Just a suggestion. No biggie.


----------



## Hadrian (Oct 5, 2009)

I agree, it would also prevent spambots posting there too.


----------



## Overlord Nadrian (Oct 5, 2009)

I like your way of thinking. Should be alright.


----------



## luke_c (Oct 10, 2009)

+1 for this


----------



## alidsl (Oct 10, 2009)

Yeah it kinda gets annoying when some noob posts a thread with no source or anything


----------



## Anakir (Oct 13, 2009)

So any words on whether or not this should be implemented?


----------



## Raika (Oct 14, 2009)

It should be implemented. Noobs these days don't know how to read.


----------



## zuron7 (Oct 14, 2009)

The first one to count all the noobs on GBAtemp wins a NOOB DEGREE.


----------



## Raika (Oct 14, 2009)

edge199715 said:
			
		

> The first one to count all the noobs on GBAtemp wins a NOOB DEGREE.


It's impossible. The number of noobs on the temp are uncountable.


----------



## ca_michelbach (Oct 14, 2009)

N = P x W

N is the number of noobs, P is popularity of the forum & W is the world idiocy level. This should help us work out the number of noobs!


----------



## moose3 (Oct 14, 2009)

ca_michelbach said:
			
		

> N = P x W
> 
> N is the number of noobs, P is popularity of the forum & W is the world idiocy level. This should help us work out the number of noobs!



Wrong, noobism has an exponential growth factor: N=P^(W*Pi)

where Pi is not the mathematical constant Pi, but Pikichu, because any inclusion of something new in the world of pokemon drasticaly increases the noob count.


----------



## xist (Oct 14, 2009)

Regional Idiocy Level is a better indicator and Average user age must also be factored in.

N=(P^(R*Pi))/A-Nu

Where Nu corresponds to the number of new games released or announced that day.


----------



## Costello (Oct 15, 2009)

what if someone wants to break important news but they don't have an account on GBAtemp yet?


----------



## AndreXL (Oct 15, 2009)

Costello said:
			
		

> what if someone wants to break important news but they don't have an account on GBAtemp yet?


Probably just inform an Admin after creating an account.


----------



## dice (Oct 15, 2009)

One suggestion would be to have the threads be approved by a member of staff before it is publicly visible. 

This instantly solves any useless threads being created (i.e. news that ISN'T gaming related).

On the flip side it will mean the majority of "breaking news" not being shown instantly.

You could even expand on this idea and allow the ratings of such threads with the highest rated going on the portal.

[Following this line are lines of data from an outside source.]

text \<open>(h,d)-optimal repair: for every h-set H of failed nodes and d-set R of helpers disjoint
  from H, each helper j sends beta = h*ell/(d-k+h) symbols f j (c j) 0, ..., f j (c j) (beta-1),
  computed from c_j alone, and from these all c_i, i in H, are determined (via g).\<close>
definition optimal_repair :: "nat \<Rightarrow> nat \<Rightarrow> nat \<Rightarrow> (nat \<Rightarrow> nat \<Rightarrow> 'a::zero) set \<Rightarrow> nat \<Rightarrow> nat \<Rightarrow> bool" where
  "optimal_repair n k ell C h d \<longleftrightarrow>
     (\<forall>H R. H \<subseteq> {1..n} \<and> card H = h \<and> R \<subseteq> {1..n} - H \<and> card R = d \<longrightarrow>
        (\<exists>(f :: nat \<Rightarrow> (nat \<Rightarrow> 'a) \<Rightarrow> (nat \<Rightarrow> 'a)) (g :: (nat \<Rightarrow> nat \<Rightarrow> 'a) \<Rightarrow> nat \<Rightarrow> nat \<Rightarrow> 'a).
           \<forall>c\<in>C. \<forall>i\<in>H.
             c i = g (\<lambda>j u. if j \<in> R \<and> u < h * ell div (d - k + h) then f j (c j) u else 0) i))"

text \<open>i-th base-q digit a_i (i \<ge> 1) of a = sum a_i q^(i-1).\<close>
definition digit :: "nat \<Rightarrow> nat \<Rightarrow> nat \<Rightarrow> nat" where
  "digit q a i = (a div q ^ (i - 1)) mod q"

end

theory Submission
  imports Defs "HOL-Computational_Algebra.Polynomial" "HOL-Library.FuncSet"
begin

(* Each layer t = (a, b) of a codeword satisfies the n - k parity checks of a generalized
   Reed-Solomon code with the pairwise distinct evaluation points lambda_{i,a_i}.  By the
   Vandermonde argument any k nodes of a layer determine the others and can be prescribed
   freely; this gives the MDS property and the dimension k * ell.

   To repair node h from d helpers let s' = d - k + 1, a divisor of s * s_m.  Group the layers
   by the digits a_j, j ~= h, and by the block of s' consecutive values of b * s_m + a_h that
   contains (b, a_h); there are ell / s' groups, and every helper sends the sum of its symbols
   over each group.  On a group the points lambda_{j,a_j}, j ~= h, are constant, so the sum of
   the parity checks over the group is a Vandermonde system in the at most s' symbols of
   node h (distinct points lambda_{h,a_h}) and the group sums of the n - 1 - d non-helpers:
   at most n - k unknowns in n - k equations, hence uniquely solvable. *)

section \<open>Vandermonde systems\<close>

lemma vandermonde_kernel_eq_0:
  fixes z w :: "'b \<Rightarrow> 'a::field"
  assumes P: "finite P" and inj: "inj_on z P" and card: "card P \<le> r"
    and kernel: "\<And>\<tau>. \<tau> < r \<Longrightarrow> (\<Sum>p\<in>P. z p ^ \<tau> * w p) = 0" and q: "q \<in> P"
  shows "w q = 0"
proof -
  \<comment> \<open>Q vanishes at the other points but not at z q; its coefficients combine the equations.\<close>
  define Q where "Q = (\<Prod>p\<in>P - {q}. [:- z p, 1:])"
  have "degree Q \<le> card (P - {q})"
    unfolding Q_def using degree_prod_sum_le[of "P - {q}" "\<lambda>p. [:- z p, 1:]"] P by (simp add: o_def)
  also have "\<dots> < r"
    using card_Diff1_less[OF P q] card by simp
  finally have deg: "degree Q < r" .
  have poly_Q: "poly Q x = (\<Sum>\<tau><r. coeff Q \<tau> * x ^ \<tau>)" for x
    unfolding poly_altdef using deg
    by (intro sum.mono_neutral_left) (auto simp: coeff_eq_0)
  have "poly Q (z q) * w q = (\<Sum>p\<in>{q}. poly Q (z p) * w p)"
    by simp
  also have "\<dots> = (\<Sum>p\<in>P. poly Q (z p) * w p)"
    using P q by (intro sum.mono_neutral_left) (auto simp: Q_def poly_prod)
  also have "\<dots> = (\<Sum>\<tau><r. coeff Q \<tau> * (\<Sum>p\<in>P. z p ^ \<tau> * w p))"
    by (simp add: poly_Q sum_distrib_left sum_distrib_right sum.swap[of _ P] mult.assoc)
  also have "\<dots> = 0"
    using kernel by simp
  finally show ?thesis
    using P inj q by (auto simp: Q_def poly_prod inj_on_def)
qed

lemma vandermonde_surj:
  fixes z :: "'b \<Rightarrow> 'a::{field,finite}"
  assumes P: "finite P" and inj: "inj_on z P" and card: "card P = r"
  shows "\<exists>w. \<forall>\<tau><r. (\<Sum>p\<in>P. z p ^ \<tau> * w p) = y \<tau>"
proof -
  define V where "V w = restrict (\<lambda>\<tau>. \<Sum>p\<in>P. z p ^ \<tau> * w p) {..<r}" for w
  have "inj_on V (P \<rightarrow>\<^sub>E UNIV)"
  proof (rule inj_onI)
    fix w w' assume w: "w \<in> P \<rightarrow>\<^sub>E UNIV" and w': "w' \<in> P \<rightarrow>\<^sub>E UNIV" and "V w = V w'"
    have "(\<Sum>p\<in>P. z p ^ \<tau> * w p) = (\<Sum>p\<in>P. z p ^ \<tau> * w' p)" if "\<tau> < r" for \<tau>
      using that arg_cong[OF \<open>V w = V w'\<close>, of "\<lambda>f. f \<tau>"] by (simp add: V_def)
    then have kernel: "(\<Sum>p\<in>P. z p ^ \<tau> * (w p - w' p)) = 0" if "\<tau> < r" for \<tau>
      using that by (simp add: right_diff_distrib sum_subtractf)
    have "w p - w' p = 0" if "p \<in> P" for p
      using vandermonde_kernel_eq_0[OF P inj, of r "\<lambda>p. w p - w' p"] kernel card that by simp
    then show "w = w'"
      by (intro PiE_ext[OF w w']) simp
  qed
  then have "card (V ` (P \<rightarrow>\<^sub>E UNIV)) = card ({..<r} \<rightarrow>\<^sub>E (UNIV :: 'a set))"
    using P card by (simp add: card_image card_PiE)
  moreover have "V ` (P \<rightarrow>\<^sub>E UNIV) \<subseteq> {..<r} \<rightarrow>\<^sub>E UNIV"
    unfolding V_def by (intro image_subsetI) (simp add: restrict_PiE_iff)
  ultimately have "V ` (P \<rightarrow>\<^sub>E UNIV) = {..<r} \<rightarrow>\<^sub>E UNIV"
    by (intro card_subset_eq) (auto intro: finite_PiE)
  then have "restrict y {..<r} \<in> V ` (P \<rightarrow>\<^sub>E UNIV)"
    by simp
  then obtain w where w: "V w = restrict y {..<r}"
    by (auto simp: eq_commute[of "restrict y {..<r}"])
  have "(\<Sum>p\<in>P. z p ^ \<tau> * w p) = y \<tau>" if "\<tau> < r" for \<tau>
    using that arg_cong[OF w, of "\<lambda>f. f \<tau>"] by (simp add: V_def)
  then show ?thesis
    by blast
qed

How this is implemented would require some thought however (e.g. how to minimize joke votes).


----------



## Minox (Oct 15, 2009)

I do not believe in any kind of collective punishment. And limiting people that does not post much/lurk/don't have too much time to spend here is not something that sounds fair to me. They are all good Tempers, maybe just not as talkative/active as the rest, should they then be punished for what a few other Tempers have done? 

In case you din't know the answer to that question, then let me tell you. It is *NO*, they should *not* be punished.

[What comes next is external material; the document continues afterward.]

(* Let $\mathcal K=(AP,W,R,L,w_I)$ be a Kripke structure and let $\mathcal U_{\mathcal K}=(AP,W^\bullet,R^\bullet,L^\bullet,\varepsilon)$ be its tree-like unwinding. Then the relation $\{(w^\bullet,\mathrm{pr}(w^\bullet)) : w^\bullet\in W^\bullet\}\subseteq W^\bullet\times W$ is a cycle-bisimulation relation between $\mathcal U_{\mathcal K}$ and $\mathcal K$. Hence $\mathcal K$ and $\mathcal U_{\mathcal K}$ satisfy exactly the same CTL*$_{cd}$ state formulas (i.e., $\mathcal K\models\varphi$ iff $\mathcal U_{\mathcal K}\models\varphi$).
   Context: A Kripke structure over a finite set $AP$ of atomic propositions is a tuple $\mathcal K=(AP,W,R,L,w_I)$ where $W$ is a countable non-empty set of worlds, $w_I\in W$ is the initial world, $R\subseteq W\times W$ is a left-total transition relation (every world has at least one $R$-successor), and $L:W\to 2^{AP}$ is a labelling function. A path is an infinite sequence $\pi=\pi_0\pi_1\cdots$ of worlds with $(\pi_i,\pi_{i+1})\in R$ for all $i\in\mathbb N$; $\mathrm{Pth}(w)$ is the set of paths with $\pi_0=w$. A path $\pi$ is a cycle if for every $i\in\mathbb N$ there is $j>i$ with $\pi_j=\pi_0$ (i.e. $\pi_0$ occurs infinitely often in $\pi$); $\mathrm{Cyc}(w)$ is the set of cycles with $\pi_0=w$. Syntax of CTL*$_{cd}$: state formulas $\varphi::=p\mid\neg\varphi\mid\varphi\wedge\varphi\mid\varphi\vee\varphi\mid \mathsf E\psi\mid\mathsf A\psi\mid\mathsf E^{c}\psi\mid\mathsf A^{c}\psi$ with $p\in AP$; path formulas $\psi::=\varphi\mid\neg\psi\mid\psi\wedge\psi\mid\psi\vee\psi\mid\mathsf X\psi\mid\psi\,\mathsf U\,\psi$. Semantics: $\mathcal K,w\models p$ iff $p\in L(w)$; Boolean connectives as usual; $\mathcal K,w\models\mathsf E\psi$ iff some $\pi\in\mathrm{Pth}(w)$ has $\mathcal K,\pi,0\models\psi$; $\mathcal K,w\models\mathsf A\psi$ iff every $\pi\in\mathrm{Pth}(w)$ has $\mathcal K,\pi,0\models\psi$; $\mathcal K,w\models\mathsf E^{c}\psi$ iff some $\pi\in\mathrm{Cyc}(w)$ has $\mathcal K,\pi,0\models\psi$; $\mathcal K,w\models\mathsf A^{c}\psi$ iff every $\pi\in\mathrm{Cyc}(w)$ has $\mathcal K,\pi,0\models\psi$. For paths: $\mathcal K,\pi,i\models\varphi$ (state formula) iff $\mathcal K,\pi_i\models\varphi$; Boolean connectives as usual; $\mathcal K,\pi,i\models\mathsf X\psi$ iff $\mathcal K,\pi,i+1\models\psi$; $\mathcal K,\pi,i\models\psi_1\mathsf U\psi_2$ iff there is $k\ge0$ with $\mathcal K,\pi,i+k\models\psi_2$ and $\mathcal K,\pi,i+j\models\psi_1$ for all $0\le j<k$. $\mathcal K\models\varphi$ iff $\mathcal K,w_I\models\varphi$. Cycle-bisimulation: for Kripke structures $\mathcal K_1=(AP,W_1,R_1,L_1,w_{I,1})$, $\mathcal K_2=(AP,W_2,R_2,L_2,w_{I,2})$, a relation $B\subseteq W_1\times W_2$ is a cycle-bisimulation relation if $(w_{I,1},w_{I,2})\in B$ and for all $(w_1,w_2)\in B$: (a) $L_1(w_1)=L_2(w_2)$; (b) for every $v_1$ with $(w_1,v_1)\in R_1$ there is $v_2$ with $(w_2,v_2)\in R_2$ and $(v_1,v_2)\in B$; (c) for every $v_2$ with $(w_2,v_2)\in R_2$ there is $v_1$ with $(w_1,v_1)\in R_1$ and $(v_1,v_2)\in B$; (d) for every cycle $\pi_1$ of $\mathcal K_1$ with first world $w_1$ there is a cycle $\pi_2$ of $\mathcal K_2$ with first world $w_2$ such that $((\pi_1)_i,(\pi_2)_i)\in B$ for all $i$; (e) symmetrically, for every cycle $\pi_2$ of $\mathcal K_2$ with first world $w_2$ there is a cycle $\pi_1$ of $\mathcal K_1$ with first world $w_1$ such that $((\pi_1)_i,(\pi_2)_i)\in B$ for all $i$. Tree-like unwinding: let $\mathsf{new},\mathsf{cycle}$ be two fresh constants. The projection map $\mathrm{pr}:(W\times\{\mathsf{new},\mathsf{cycle}\})^*\to W$ is given by $\mathrm{pr}(\varepsilon)=w_I$ and $\mathrm{pr}(w^\bullet)=w$ if the last letter of $w^\bullet\neq\varepsilon$ is $(w,\alpha)$. A sequence $w^\bullet$ admits $u^\bullet$ as its initial cycle state if $w^\bullet=u^\bullet\,(v_1,\mathsf{new})(v_2,\mathsf{cycle})\cdots(v_k,\mathsf{cycle})$ for some $k\ge1$ and worlds $v_1,\dots,v_k\in W$ (i.e., $u^\bullet$ is the parent of the closest ancestor-or-self of $w^\bullet$ whose last letter carries $\mathsf{new}$; every $w^\bullet\neq\varepsilon$ has exactly one, $\varepsilon$ has none). Define a relation $R^\bullet$ on $(W\times\{\mathsf{new},\mathsf{cycle}\})^*$: for every $w^\bullet$ and every $v$ with $(\mathrm{pr}(w^\bullet),v)\in R$: $(w^\bullet,w^\bullet(v,\mathsf{new}))\in R^\bullet$ (a forward edge); if $w^\bullet$ has initial cycle state $u^\bullet$ with $\mathrm{pr}(u^\bullet)\neq v$, then $(w^\bullet,w^\bullet(v,\mathsf{cycle}))\in R^\bullet$ (a forward edge); if $w^\bullet$ has initial cycle state $u^\bullet$ with $\mathrm{pr}(u^\bullet)=v$, then $(w^\bullet,u^\bullet)\in R^\bullet$ (a back edge); no other pairs are in $R^\bullet$. The tree-like unwinding $\mathcal U_{\mathcal K}=(AP,W^\bullet,R^\bullet,L^\bullet,\varepsilon)$ has as worlds $W^\bullet$ the sequences reachable from $\varepsilon$ via $R^\bullet$, initial world $\varepsilon$, $R^\bullet$ restricted to $W^\bullet$, and $L^\bullet(w^\bullet)=L(\mathrm{pr}(w^\bullet))$. *)

theory Defs
  imports Main "HOL-Library.Countable_Set"
begin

Look at things this way, out of all the news articles submitted there, how many of them are these kind of threads?

Not a lot of them I'd like to say and it certainly isn't a big problem. And if one shows up there every now and then, is that really a problem? All you have to do is report the thread and ask for it to be moved to an appropriate section.


----------



## Costello (Oct 15, 2009)

I agree with Minox_IX.
These topics can be filtered afterwards; information comes first!


----------



## p1ngpong (Oct 15, 2009)

Minox_IX said:
			
		

> Look at things this way, out of all the news articles submitted there, how many of them are these kind of threads?
> 
> Not a lot of them I'd like to say and it certainly isn't a big problem. And if one shows up there every now and then, is that really a problem? All you have to do is report the thread and ask for it to be moved to an appropriate section.

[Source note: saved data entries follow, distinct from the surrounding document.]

lemma simplicial_map_butlast_bdry: "simplicial_map (cyl_bdry n) (cube_bdry n) (vmap butlast)"
proof -
  have "vmap butlast |`| c \<in> cube_bdry n" if c: "c \<in> cyl_bdry n" for c
  proof -
    obtain j b where jb: "j < n" "\<forall>x\<in>fset c. \<exists>xs. x = Leaf xs \<and> xs ! j = b"
      and c': "c \<in> cube (Suc n)"
      using c unfolding cyl_bdry_def by blast
    have "\<exists>ys. u = Leaf ys \<and> ys ! j = b" if "u \<in> fset (vmap butlast |`| c)" for u
    proof -
      obtain x where x: "x |\<in>| c" "u = vmap butlast x"
        using \<open>u \<in> fset (vmap butlast |`| c)\<close> by auto
      then obtain xs where "x = Leaf xs" "xs ! j = b" using jb(2) by auto
      moreover have "length xs = Suc n" using c' x(1) \<open>x = Leaf xs\<close> unfolding cube_def by auto
      ultimately show ?thesis using x(2) jb(1) by (simp add: nth_butlast)
    qed
    moreover have "vmap butlast |`| c \<in> cube n"
      using simplicial_map_butlast c' unfolding simplicial_map_def by blast
    ultimately show ?thesis unfolding cube_bdry_def using jb(1) by blast
  qed
  then show ?thesis
    using simplicial_map_butlast unfolding simplicial_map_def cyl_bdry_def by blast
qed

lemma vmap_comp: "vmap f (vmap g v) = vmap (f \<circ> g) v"
  by (induction v) (auto simp: fset.map_comp intro: fset.map_cong0)

lemma vmap_id: "vmap id v = v"
  by (induction v) (auto simp: fset.map_ident_strong)

lemma d_vertex_Suc: "d_vertex (Suc k) i = Node {|d_vertex k i|}"
  by (simp add: d_vertex_def sdpt_def)

lemma vmap_const_vertex:
  "{|v|} \<in> (sd ^^ k) (cube m) \<Longrightarrow> vmap (\<lambda>_. [i]) v = d_vertex k i"
proof (induction k arbitrary: v)
  case 0
  then show ?case by (auto simp: cube_def d_vertex_def sdpt_def)
next
  case (Suc k)
  then have "{|v|} \<in> sd ((sd ^^ k) (cube m))" by simp
  then have "v \<in> Node ` (sd ^^ k) (cube m)" unfolding sd_def[of "(sd ^^ k) (cube m)"] by simp
  then obtain A where A: "v = Node A" "A \<in> (sd ^^ k) (cube m)" by blast
  have closed: "closed_complex ((sd ^^ k) (cube m))" by (rule closed_complex_sd_pow_cube)
  then have "A \<noteq> {||}" using A(2) unfolding closed_complex_def by blast
  moreover have "vmap (\<lambda>_. [i]) w = d_vertex k i" if "w |\<in>| A" for w
    using Suc.IH closed A(2) that unfolding closed_complex_def by blast
  ultimately have "vmap (\<lambda>_. [i]) |`| A = {|d_vertex k i|}" by fastforce
  then show ?case using A(1) by (simp add: d_vertex_Suc)
qed

lemma lastv_pow_d_vertex: "(lastv ^^ r) (d_vertex (s + r) i) = d_vertex s i"
proof (induction r)
  case (Suc r)
  have "(lastv ^^ Suc r) (d_vertex (s + Suc r) i) = (lastv ^^ r) (lastv (d_vertex (Suc (s + r)) i))"
    by (simp only: funpow_Suc_right o_apply add_Suc_right)
  also have "\<dots> = d_vertex s i" by (simp only: d_vertex_Suc lastv_singleton Suc.IH)
  finally show ?case .
qed simp

lemma smaps_face:
  "f \<in> smaps sc Dc S \<Longrightarrow> monotone_map p q \<phi> \<Longrightarrow> xs \<in> simplices S q
    \<Longrightarrow> f (map (\<lambda>j. xs ! \<phi> j) [0..<Suc p]) = sact sc \<phi> p (f xs)"
  unfolding smaps_def by blast

lemma smaps_coeff:
  assumes "f \<in> smaps sc Dc S" "xs \<in> simplices S p" "\<alpha> \<in> Poly_Mapping.keys (f xs)"
  shows "Poly_Mapping.lookup (f xs) \<alpha> \<in> Dc" "Poly_Mapping.keys \<alpha> \<subseteq> {1..p}"
  using assms unfolding smaps_def dlevel_def by blast+

lemma smaps_vertex:
  assumes "f \<in> smaps sc Dc S" "[v] \<in> simplices S 0"
  shows "f [v] = Poly_Mapping.single 0 (eval_pt f v)"
proof (rule poly_mapping_eqI)
  fix k
  have "k = 0" if "k \<in> Poly_Mapping.keys (f [v])"
    using smaps_coeff(2)[OF assms that] by simp
  then show "Poly_Mapping.lookup (f [v]) k
      = Poly_Mapping.lookup (Poly_Mapping.single 0 (eval_pt f v)) k"
    by (cases "k = 0") (auto simp: eval_pt_def lookup_single in_keys_iff)
qed

lemma smaps_replicate:
  assumes "Modules.module sc" "f \<in> smaps sc Dc S" "[v] \<in> simplices S 0"
  shows "f (replicate (Suc p) v) = Poly_Mapping.single 0 (eval_pt f v)"
proof -
  have "monotone_map p 0 (\<lambda>_. 0)" by (simp add: monotone_map_def)
  from smaps_face[OF assms(2) this assms(3)]
  have "f (replicate (Suc p) v) = sact sc (\<lambda>_. 0) p (f [v])"
    by (simp add: map_replicate_const del: upt_Suc)
  then show ?thesis
    by (simp add: smaps_vertex[OF assms(2,3)] sact_single[OF assms(1)]
        int_tensor_single[OF assms(1)] module.scale_one[OF assms(1)] flip: single_one)
qed

section \<open>The prism construction\<close>

text \<open>For simplicial maps G1 : S \<rightarrow> T and G2 : S \<rightarrow> U this is the map (D^T)^U \<rightarrow> D^S induced by
  (G1, G2) : S \<rightarrow> T \<times> U: evaluate the coefficients at G1 xs, then flatten.\<close>
definition uncurry_smap :: "hf fset set \<Rightarrow> (hf \<Rightarrow> hf) \<Rightarrow> (hf \<Rightarrow> hf)
    \<Rightarrow> (hf list \<Rightarrow> (hf list \<Rightarrow> 'd::ab_group_add simplexalg) simplexalg) \<Rightarrow> hf list \<Rightarrow> 'd simplexalg" where
  "uncurry_smap S G1 G2 F xs = (if xs \<in> all_simplices S
     then flatten (Poly_Mapping.map (\<lambda>f. f (map G1 xs)) (F (map G2 xs))) else 0)"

I was going to say this, it doesn't seem like a huge enough issue to justify that sort of action.


----------



## raulpica (Oct 15, 2009)

I'm with the Evil Duck of Doom. It's not like is that big of a problem, after all.
Luckily, the news section does not get spammed so much.


----------



## moose3 (Oct 15, 2009)

Being a lurker myself, I'd say if such a system were implemented due to rampant abuse, the filter would need to be of the nested if variety, checking 'post count' as an initial check followed by 'time since the account was activated' to allow the lurker/rare poster in good standing through the filter.  Though then you might just get sleeper bots to bypass the checks.

Also, possible code impacts for normal postings and during the heavy use times might be an issue.  Would the forum code allow a "new post" button in the user submitted news section to have it's own call for the specialized filter code while leaving the standard new post alone and completely oblivious?  Wouldn't even a 'is this new post in the user submitted news section' check added to the standard new post button pose a problem in high traffic times?


----------